# how to fix slightly ripped leather furniture?



## dinosaur1 (Nov 22, 2009)

Our top grain leather furniture is made by FlexSteel. There is a small tear/rip that is hardly noticeable about 1/2 inch in length. Since I don't want it to get worse what is the best way I can repair this? It looks like it was caused by a fingernail.


----------



## epson (Jul 28, 2010)

As far as I know there is no quick way a do it yourselfer can fix his. You should contact a leather manufacturer or someone who can fix this kind of tare. Where I am located we have such a place that can fix, mend, color and match existing leather…


----------



## dinosaur1 (Nov 22, 2009)

epson said:


> As far as I know there is no quick way a do it yourselfer can fix his. You should contact a leather manufacturer or someone who can fix this kind of tare. Where I am located we have such a place that can fix, mend, color and match existing leather&#133;


What about the place we bought it from? 2 months ago.


----------



## epson (Jul 28, 2010)

I doubt that they have a repair shop as stores like that will only sell but not repair. They might send you to a place in your area that could repair it.


----------



## dinosaur1 (Nov 22, 2009)

epson said:


> I doubt that they have a repair shop as stores like that will only sell but not repair. They might send you to a place in your area that could repair it.

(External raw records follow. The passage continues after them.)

lemma exp_rot_undir: "u \<in> undir_darts n \<Longrightarrow> \<sigma>\<^sub>e u = s (s (s (p u)))"
  by (simp add: exp_rot_def)
lemma exp_rot_placed: "d \<in> p ` undir_darts n \<Longrightarrow> d \<notin> undir_darts n \<and> \<sigma>\<^sub>e d = inv_into (undir_darts n) p d"
  using placed_less undir_darts_iff by (force simp: exp_rot_def)
lemma exp_rot_other: "d \<notin> undir_darts n \<Longrightarrow> d \<notin> p ` undir_darts n \<Longrightarrow> \<sigma>\<^sub>e d = s d"
  by (simp add: exp_rot_def)

lemma exp_rot_placement: "u \<in> undir_darts n \<Longrightarrow> \<sigma>\<^sub>e (p u) = u"
  using exp_rot_placed inv_placement_placement by auto

lemma exp_rot2_undir: "u \<in> undir_darts n \<Longrightarrow> \<sigma>\<^sub>e (\<sigma>\<^sub>e u) = p u"
proof -
  assume u: "u \<in> undir_darts n"
  have 1: "\<sigma>\<^sub>e u = s (s (s (p u)))" by (rule exp_rot_undir[OF u])
  have l: "s (s (s (p u))) < 4*n" using placement_less[OF u] quartic_rot_less_iff by simp
  then have 2: "s (s (s (p u))) \<notin> undir_darts n" using undir_darts_iff by auto
  have 3: "s (s (s (p u))) \<notin> p ` undir_darts n" by (rule placement_rot3_not_placed[OF u])
  have "\<sigma>\<^sub>e (\<sigma>\<^sub>e u) = s (s (s (s (p u))))" unfolding 1
    using exp_rot_other[OF 2 3] .
  then show ?thesis using quartic_rot4[OF placement_less[OF u]] by simp
qed

lemma exp_rot3: "d < 6*n \<Longrightarrow> \<sigma>\<^sub>e (\<sigma>\<^sub>e (\<sigma>\<^sub>e d)) = d \<and> \<sigma>\<^sub>e d \<noteq> d"
proof -
  assume dM: "d < 6*n"
  show ?thesis
  proof (cases "d \<in> undir_darts n")
    case True
    have "\<sigma>\<^sub>e d < 4*n"
      using exp_rot_undir[OF True] placement_less[OF True] quartic_rot_less_iff by simp
    then show ?thesis using exp_rot2_undir[OF True] exp_rot_placement[OF True] True undir_darts_iff
      by auto
  next
    case nU: False
    then have d4: "d < 4*n" using dM undir_darts_iff by auto
    show ?thesis
    proof (cases "d \<in> p ` undir_darts n")
      case True
      then obtain u where u: "u \<in> undir_darts n" "d = p u" by auto
      then show ?thesis using exp_rot_placement[OF u(1)] exp_rot2_undir[OF u(1)] nU by auto
    next
      case False
      then have "s d \<in> p ` undir_darts n" using placement_image_alt[OF d4] by blast
      then obtain u where u: "u \<in> undir_darts n" "s d = p u" by auto
      have Sd: "\<sigma>\<^sub>e d = s d" using exp_rot_other[OF nU False] .
      have "\<sigma>\<^sub>e (\<sigma>\<^sub>e (\<sigma>\<^sub>e d)) = \<sigma>\<^sub>e (\<sigma>\<^sub>e (p u))"
        using Sd u by simp
      also have "\<dots> = \<sigma>\<^sub>e u" using exp_rot_placement[OF u(1)] by simp
      also have "\<dots> = s (s (s (s d)))" using exp_rot_undir[OF u(1)] u(2) by simp
      also have "\<dots> = d" using quartic_rot4[OF d4] by simp
      finally show ?thesis using Sd quartic_rot4[OF d4] by auto
    qed
  qed
qed

lemma exp_rot_less_iff: "\<sigma>\<^sub>e d < 6*n \<longleftrightarrow> d < 6*n"
proof
  assume d: "d < 6*n"
  show "\<sigma>\<^sub>e d < 6*n"
  proof (cases "d \<in> undir_darts n")
    case True
    have "s (s (s (p d))) < 4*n" using placement_less[OF True] quartic_rot_less_iff by simp
    then show ?thesis using exp_rot_undir[OF True] by simp
  next
    case False
    then have d4: "d < 4*n" using d undir_darts_iff by auto
    show ?thesis
    proof (cases "d \<in> p ` undir_darts n")
      case True then show ?thesis using exp_rot_placed placement_inv_placement undir_darts_iff
        by auto
    next
      case F: False
      have "s d < 4*n" using quartic_rot_less_iff d4 by simp
      then show ?thesis using exp_rot_other[OF False F] by simp
    qed
  qed
next
  assume "\<sigma>\<^sub>e d < 6*n"
  show "d < 6*n"
  proof (rule ccontr)
    assume d: "\<not> d < 6*n"
    have 1: "d \<notin> undir_darts n" using d by (simp add: undir_darts_iff)
    have 2: "d \<notin> p ` undir_darts n"
    proof
      assume "d \<in> p ` undir_darts n"
      then have "d < 4*n" by (rule placed_less)
      with d show False by simp
    qed
    have "\<sigma>\<^sub>e d = d" using exp_rot_other[OF 1 2] quartic_rot_outside d by simp
    then show False using \<open>\<sigma>\<^sub>e d < 6*n\<close> d by simp
  qed
qed

lemma exp_rot_outside: "\<not> d < 6*n \<Longrightarrow> \<sigma>\<^sub>e d = d"
proof -
  assume d: "\<not> d < 6*n"
  have 1: "d \<notin> undir_darts n" using d by (simp add: undir_darts_iff)
  have 2: "d \<notin> p ` undir_darts n"
  proof
    assume "d \<in> p ` undir_darts n"
    then have "d < 4*n" by (rule placed_less)
    with d show False by simp
  qed
  show "\<sigma>\<^sub>e d = d" using exp_rot_other[OF 1 2] quartic_rot_outside d by simp
qed

lemma exp_rot_permutes: "\<sigma>\<^sub>e permutes {..<6*n}"
proof (rule bij_imp_permutes)
  show "bij_betw \<sigma>\<^sub>e {..<6*n} {..<6*n}"
    by (rule bij_betwI[where g = "\<lambda>d. \<sigma>\<^sub>e (\<sigma>\<^sub>e d)"]) (use exp_rot_less_iff exp_rot3 in auto)
qed (simp add: exp_rot_outside)

lemma exp_inv_undir: "u \<in> undir_darts n \<Longrightarrow> \<alpha>\<^sub>e u \<in> undir_darts n \<and> p (\<alpha>\<^sub>e u) = s (s (p u))"
proof -
  assume u: "u \<in> undir_darts n"
  have "s (s (p u)) \<in> p ` undir_darts n" using placed_rot2 u by auto
  then show ?thesis using placement_inv_placement u by (simp add: exp_inv_def)
qed

lemma exp_inv_inv_undir: "u \<in> undir_darts n \<Longrightarrow> \<alpha>\<^sub>e (\<alpha>\<^sub>e u) = u \<and> \<alpha>\<^sub>e u \<noteq> u"
proof -
  assume u: "u \<in> undir_darts n"
  note 1 = exp_inv_undir[OF u]
  note 2 = exp_inv_undir[OF 1[THEN conjunct1]]
  have "p (\<alpha>\<^sub>e (\<alpha>\<^sub>e u)) = s (s (s (s (p u))))" using 1 2 by simp
  also have "\<dots> = p u" using quartic_rot4[OF placement_less[OF u]] by simp
  finally have "\<alpha>\<^sub>e (\<alpha>\<^sub>e u) = u" using placement_inj 1 2 u
    by (auto dest: inj_onD)
  moreover have "\<alpha>\<^sub>e u \<noteq> u"
  proof
    assume "\<alpha>\<^sub>e u = u"
    then have "s (s (p u)) = p u" using 1 by simp
    then show False using quartic_rot4[OF placement_less[OF u]] by simp
  qed
  ultimately show ?thesis by simp
qed

lemma exp_inv_other: "u \<notin> undir_darts n \<Longrightarrow> \<alpha>\<^sub>e u = a u"
  by (simp add: exp_inv_def)

lemma exp_inv_less_iff: "\<alpha>\<^sub>e d < 6*n \<longleftrightarrow> d < 6*n"
proof (cases "d \<in> undir_darts n")
  case True
  then have "\<alpha>\<^sub>e d \<in> undir_darts n" using exp_inv_undir by auto
  then show ?thesis using True undir_darts_iff by auto
next
  case False
  then have Ad: "\<alpha>\<^sub>e d = a d" by (rule exp_inv_other)
  show ?thesis
  proof (cases "d < 4*n")
    case True
    then have "a d < 4*n" using quartic_inv_less_iff by simp
    then show ?thesis using Ad True by simp
  next
    case F: False
    then have "a d = d" using quartic_inv_outside by simp
    then show ?thesis using Ad by simp
  qed
qed

lemma exp_inv_permutes: "\<alpha>\<^sub>e permutes {..<6*n}"
proof (rule bij_imp_permutes)
  have inv: "\<alpha>\<^sub>e (\<alpha>\<^sub>e d) = d" if "d < 6*n" for d
  proof (cases "d \<in> undir_darts n")
    case True then show ?thesis using exp_inv_inv_undir by auto
  next
    case False
    then have d4: "d < 4*n" using that undir_darts_iff by auto
    then have "a d < 4*n" using quartic_inv_less_iff by simp
      then have "a d \<notin> undir_darts n" using undir_darts_iff by auto
    then show ?thesis using exp_inv_other False quartic_inv_invol d4 by auto
  qed
  show "bij_betw \<alpha>\<^sub>e {..<6*n} {..<6*n}"
    by (rule bij_betwI[where g = \<alpha>\<^sub>e]) (use exp_inv_less_iff inv in auto)
qed (use exp_inv_other quartic_inv_outside undir_darts_iff in auto)

lemma expand_contractible: "contractible (4*n) (6*n) \<sigma>\<^sub>e \<alpha>\<^sub>e Out"
  unfolding contractible_def
proof (intro conjI allI impI)
  show "4*n \<le> 6*n" by simp
  show "\<sigma>\<^sub>e permutes {..<6*n}" by (rule exp_rot_permutes)
  show "\<alpha>\<^sub>e permutes {..<6*n}" by (rule exp_inv_permutes)
  fix d assume d: "d < 6*n"
  show "\<alpha>\<^sub>e d \<noteq> d" "\<alpha>\<^sub>e (\<alpha>\<^sub>e d) = d"
  proof -
    have "\<alpha>\<^sub>e d \<noteq> d \<and> \<alpha>\<^sub>e (\<alpha>\<^sub>e d) = d"
    proof (cases "d \<in> undir_darts n")
      case True then show ?thesis using exp_inv_inv_undir by auto
    next
      case False
      then have d4: "d < 4*n" using d undir_darts_iff by auto
      then have "a d < 4*n" using quartic_inv_less_iff by simp
      then have "a d \<notin> undir_darts n" using undir_darts_iff by auto
      then show ?thesis using exp_inv_other False quartic_inv_invol d4 by auto
    qed
    then show "\<alpha>\<^sub>e d \<noteq> d" "\<alpha>\<^sub>e (\<alpha>\<^sub>e d) = d" by auto
  qed
  show "\<sigma>\<^sub>e (\<sigma>\<^sub>e (\<sigma>\<^sub>e d)) = d" "\<sigma>\<^sub>e d \<noteq> d"
    using exp_rot3[OF d] by auto
next
  fix u assume u: "4*n \<le> u \<and> u < 6*n"
  then have uU: "u \<in> undir_darts n" using undir_darts_iff by auto
  show "\<sigma>\<^sub>e u < 4*n"
    using exp_rot_undir[OF uU] placement_less[OF uU] quartic_rot_less_iff by simp
  show "\<sigma>\<^sub>e (\<sigma>\<^sub>e u) < 4*n"
    using exp_rot2_undir[OF uU] placement_less[OF uU] by simp
  show "4*n \<le> \<alpha>\<^sub>e u" using exp_inv_undir[OF uU] undir_darts_iff by auto
  have "\<sigma>\<^sub>e u \<in> Out \<longleftrightarrow> s (s (s (p u))) \<in> Out"
    using exp_rot_undir[OF uU] by simp
  then show "\<sigma>\<^sub>e u \<in> Out \<longleftrightarrow> \<sigma>\<^sub>e (\<sigma>\<^sub>e u) \<notin> Out"
    using exp_rot2_undir[OF uU] placement_Out[OF uU] by simp
next
  fix d assume d: "d < 4*n"
  then have nU: "d \<notin> undir_darts n" using undir_darts_iff by auto
  show "4*n \<le> \<sigma>\<^sub>e d \<or> 4*n \<le> \<sigma>\<^sub>e (\<sigma>\<^sub>e d)"
  proof (cases "d \<in> p ` undir_darts n")
    case True
    then show ?thesis using exp_rot_placed placement_inv_placement undir_darts_iff by auto
  next
    case False
    then have "s d \<in> p ` undir_darts n" using placement_image_alt[OF d] by blast
    moreover have "\<sigma>\<^sub>e d = s d" using exp_rot_other[OF nU False] .
    ultimately show ?thesis using exp_rot_placed placement_inv_placement undir_darts_iff by auto
  qed
  show "\<alpha>\<^sub>e d < 4*n" using exp_inv_other[OF nU] quartic_inv_less_iff d by simp
  show "d \<in> Out \<longleftrightarrow> \<alpha>\<^sub>e d \<notin> Out"
    using exp_inv_other[OF nU] quartic_EO_D(4)[OF x] d by auto
next
  show "Out \<subseteq> {..<4*n}" "0 \<in> Out" using quartic_EO_D(3,6)[OF x] by auto
qed

lemma contr_rot_expand: "contr_rot (4*n) \<sigma>\<^sub>e \<alpha>\<^sub>e = s"
proof
  fix d show "contr_rot (4*n) \<sigma>\<^sub>e \<alpha>\<^sub>e d = s d"
  proof (cases "d < 4*n")
    case False then show ?thesis using quartic_rot_outside by (simp add: contr_rot_def)
  next
    case d: True
    then have nU: "d \<notin> undir_darts n" using undir_darts_iff by auto
    show ?thesis
    proof (cases "d \<in> p ` undir_darts n")
      case False
      then have "\<sigma>\<^sub>e d = s d" using exp_rot_other[OF nU] by simp
      then show ?thesis using d quartic_rot_less_iff by (simp add: contr_rot_def)
    next
      case True
      then obtain u where u: "u \<in> undir_darts n" "d = p u" by auto
      have Sd: "\<sigma>\<^sub>e d = u" using exp_rot_placement[OF u(1)] u by simp
      have "\<not> u < 4*n" using u undir_darts_iff by auto
      then have "contr_rot (4*n) \<sigma>\<^sub>e \<alpha>\<^sub>e d = \<sigma>\<^sub>e (\<alpha>\<^sub>e u)"
        using d Sd by (simp add: contr_rot_def)
      also have "\<dots> = s (s (s (p (\<alpha>\<^sub>e u))))"
        using exp_rot_undir exp_inv_undir[OF u(1)] by simp
      also have "\<dots> = s (s (s (s (s (p u)))))" using exp_inv_undir[OF u(1)] by simp
      also have "\<dots> = s d" using quartic_rot4[OF placement_less[OF u(1)]] u by simp
      finally show ?thesis .
    qed
  qed
qed

lemma contr_inv_expand: "contr_inv (4*n) \<alpha>\<^sub>e = a"
proof
  fix d show "contr_inv (4*n) \<alpha>\<^sub>e d = a d"
    using exp_inv_other undir_darts_iff quartic_inv_outside
      by (cases "d < 4*n") (auto simp: contr_inv_def)
qed

lemma placement_of_expand: "restrict (\<lambda>u. \<sigma>\<^sub>e (\<sigma>\<^sub>e u)) (undir_darts n) = p"
proof
  fix u show "restrict (\<lambda>u. \<sigma>\<^sub>e (\<sigma>\<^sub>e u)) (undir_darts n) u = p u"
    using exp_rot2_undir placement_undefined by (cases "u \<in> undir_darts n") auto
qed

lemma expand_cubic_PO_std: "(\<sigma>\<^sub>e, \<alpha>\<^sub>e, undir_darts n, Out) \<in> cubic_PO n"
proof (rule contractible_cubic_PO_std[OF expand_contractible])
  have lc: "contractible (4*n) (6*n) \<sigma>\<^sub>e \<alpha>\<^sub>e Out"
    by (rule expand_contractible)
  have "darts_connected (4*n) s a" using quartic_EO_connected_faces(1)[OF x] .
  then show "darts_connected (6*n) \<sigma>\<^sub>e \<alpha>\<^sub>e"
    using darts_connected_expand[OF lc] contr_rot_expand contr_inv_expand by simp
  have "card (orbits (\<sigma>\<^sub>e \<circ> \<alpha>\<^sub>e) (6*n)) = card (orbits (contr_rot (4*n) \<sigma>\<^sub>e \<alpha>\<^sub>e \<circ> contr_inv (4*n) \<alpha>\<^sub>e) (4*n))"
    by (rule card_faces_contract[OF lc])
  then show "card (orbits (\<sigma>\<^sub>e \<circ> \<alpha>\<^sub>e) (6*n)) = n + 2"
    using quartic_EO_connected_faces(2)[OF x] contr_rot_expand contr_inv_expand by simp
qed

They have their own techs. Guess its worth a try.


----------



## epson (Jul 28, 2010)

There is no harm in asking….


----------



## dinosaur1 (Nov 22, 2009)

epson said:


> There is no harm in asking&#133;.


We spent alot on this furniture so I wouldn't want to buy a kit to fix it.


----------



## epson (Jul 28, 2010)

I have actually seen those kits. They are not what they seem to be and will not do a very good job.


----------



## dinosaur1 (Nov 22, 2009)

epson said:


> I have actually seen those kits. They are not what they seem to be and will not do a very good job.


Thanks


----------



## epson (Jul 28, 2010)

No problem. Hope you get your rip repaired….


----------